Hi everyone it's me, the blogger formerly known as the Jollyblogger. Just thought I'd pop in to say hi and see what it's like to blog again.
Over the last few months chemo really got to me so I didn't do much of anything, but I'm kind of coming out of the fog now and thought I'd go ahead and give you an update.
I had a CT scan a couple of weeks ago and the results are good. I found out that I actually have 5 or 6 tumors in my lungs, so that wasn't a happy thing. But they have been there all along and the reason nobody made a big deal of it apparently was that there were only two that were big enough to be of any concern.
The good news is that, in the 18 months or so that I have been on chemo all of the tumors have shrunk significantly. The biggest tumor was obviously in my colon, hence the surgery in December of 08 and the next biggest one was about 2.5 inches in my life. There was another one in my liver almost that big. The good news is that both of those tumors have shrunk till they are only about a centimeter now and all of the tumors in my lungs are a centimeter or less. There was no dramatic change in size in any of them since my last CT scan in April, but there were a couple that may have shrunk a millimeter or so.

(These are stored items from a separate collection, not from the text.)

lemma compensating_close:
  assumes "i \<in> J" and \<sigma>: "mixed_strategy (A i) (\<sigma> i)" and m: "mixed_strategy (A i) (m i)" and fin: "finite (A i)"
    and eps: "0 \<le> \<epsilon> i" "\<epsilon> i \<le> 1/2"
  shows "\<bar>compensating J \<epsilon> \<sigma> m i a - \<sigma> i a\<bar> \<le> 2 * \<epsilon> i"
proof -
  have pos: "0 < 1 - \<epsilon> i" using eps by simp
  have "\<bar>\<sigma> i a - m i a\<bar> \<le> 1"
    using mixed_strategy_bounds[OF \<sigma> fin, of a] mixed_strategy_bounds[OF m fin, of a] by linarith
  have "compensating J \<epsilon> \<sigma> m i a - \<sigma> i a = \<epsilon> i * (\<sigma> i a - m i a) / (1 - \<epsilon> i)"
    using \<open>i \<in> J\<close> pos by (simp add: compensating_def field_simps)
  then have "\<bar>compensating J \<epsilon> \<sigma> m i a - \<sigma> i a\<bar> = \<epsilon> i * \<bar>\<sigma> i a - m i a\<bar> / (1 - \<epsilon> i)"
    using eps pos by (simp add: abs_mult)
  also have "\<dots> \<le> \<epsilon> i / (1 - \<epsilon> i)"
    using \<open>\<bar>\<sigma> i a - m i a\<bar> \<le> 1\<close> eps(1) pos by (simp add: divide_right_mono mult_left_le)
  also have "\<dots> \<le> 2 * \<epsilon> i"
    using mult_left_mono[of "1/2" "1 - \<epsilon> i" "2 * \<epsilon> i"] eps pos by (simp add: divide_le_eq)
  finally show ?thesis .
qed

lemma compensating_strat_dist:
  assumes "i \<in> J" and "mixed_strategy (A i) (\<sigma> i)" and "mixed_strategy (A i) (m i)" and "finite (A i)"
    and "0 \<le> \<epsilon> i" "\<epsilon> i \<le> 1/2"
  shows "strat_dist (A i) (compensating J \<epsilon> \<sigma> m i) (\<sigma> i) \<le> real (card (A i)) * (2 * \<epsilon> i)"
  using assms compensating_close[where A = A and \<sigma> = \<sigma> and m = m, OF assms(1-4)]
  by (intro strat_dist_le_card) simp_all

lemma compensating_post_entry_eq:
  assumes finite_A: "\<And>i. i < n \<Longrightarrow> finite (A i)" and ne: "nash_eq n A \<pi> \<sigma>"
    and cm: "completely_mixed n A \<sigma>" and J: "J \<subseteq> {..<n}"
    and mutants: "\<And>j. j \<in> J \<Longrightarrow> best_reply n A (\<theta>m j) \<sigma> j (m j)"
    and eps: "\<And>j. j \<in> J \<Longrightarrow> 0 \<le> \<epsilon> j \<and> \<epsilon> j < 1"
    and small: "\<And>j a. j \<in> J \<Longrightarrow> a \<in> A j \<Longrightarrow> \<epsilon> j \<le> \<sigma> j a"
  shows "post_entry_eq n A \<pi> J \<theta>m \<epsilon> (compensating J \<epsilon> \<sigma> m) m"
proof -
  have \<sigma>: "mixed_strategy (A i) (\<sigma> i)" if "i < n" for i
    using ne that by (simp add: nash_eq_def mixed_profile_def)
  have "mixed_strategy (A i) (compensating J \<epsilon> \<sigma> m i)" if i: "i < n" for i
  proof (cases "i \<in> J")
    case True
    then show ?thesis
      using \<sigma>[OF i] mutants[OF True] finite_A[OF i] eps[OF True] small[OF True]
      by (intro compensating_mixed) (auto simp: best_reply_def)
  qed (simp add: \<sigma> i)
  then show ?thesis
    using mutants completely_mixed_eq_best_reply[OF ne cm _ finite_A] eps
    by (simp add: post_entry_eq_def entry_aggregate_compensating)
qed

The best news is that I am getting a break from chemotherapy. It was getting me down and I was getting to the point where I feared having to continue with chemo almost as much as I feared getting a bad report on the CT scan. So I have the month of September completely off with no chemo at all. Then in October I'll go on a maintenance regimen with a medicine called Avastin. Technically, the medical personnel don't put this one in the same category as "chemo" drugs. It's what they call a "biologic" (I think that's the word) and it works by cutting off blood supply to tumors. This has been a part of the cocktail I have been getting all of this time and come October it will be the only thing I'll get. The only real side effects it has is that it increases blood pressure and it can cause bleeding. So I do have to watch out for bleeding but over the whole of my treatment I have had only minimal bleeding in my mouth and nose and it's been much less over the last few months. My BP has gone up a bit but I have some medicine.
So the bottom line is that I expect minimal if any side effects. I'll see the doc again in November and I suppose we'll schedule another CT scan at that time. If there is no growth in tumors I'll get to stay on this maintenance regimen. But needless to say I am very happy that I can look forward to almost three months without chemo.
Right now I've been sick all week and I don't know if I'm still just recovering from the chemo or if I have come down with something, but I do expect to get better and start enjoying life.
Again, please accept my sincere thanks for all of the prayers and kind words. I came across a poem on Tim Ferris's website on called "Discovering Kindness in the Storm" which perfectly describes my experience. It is not Christian in origin but it is wise, and where the author says "kindness" I hear the words "the kindness of God and His people," or the "grace of God and His people. It is a wonderful description of my own experience and I have to say that as much as I hate chemo and all of the things associated with cancer, that I don't think I would ever have awakened to the grace and kindness of God that surrounds me without going through all of this.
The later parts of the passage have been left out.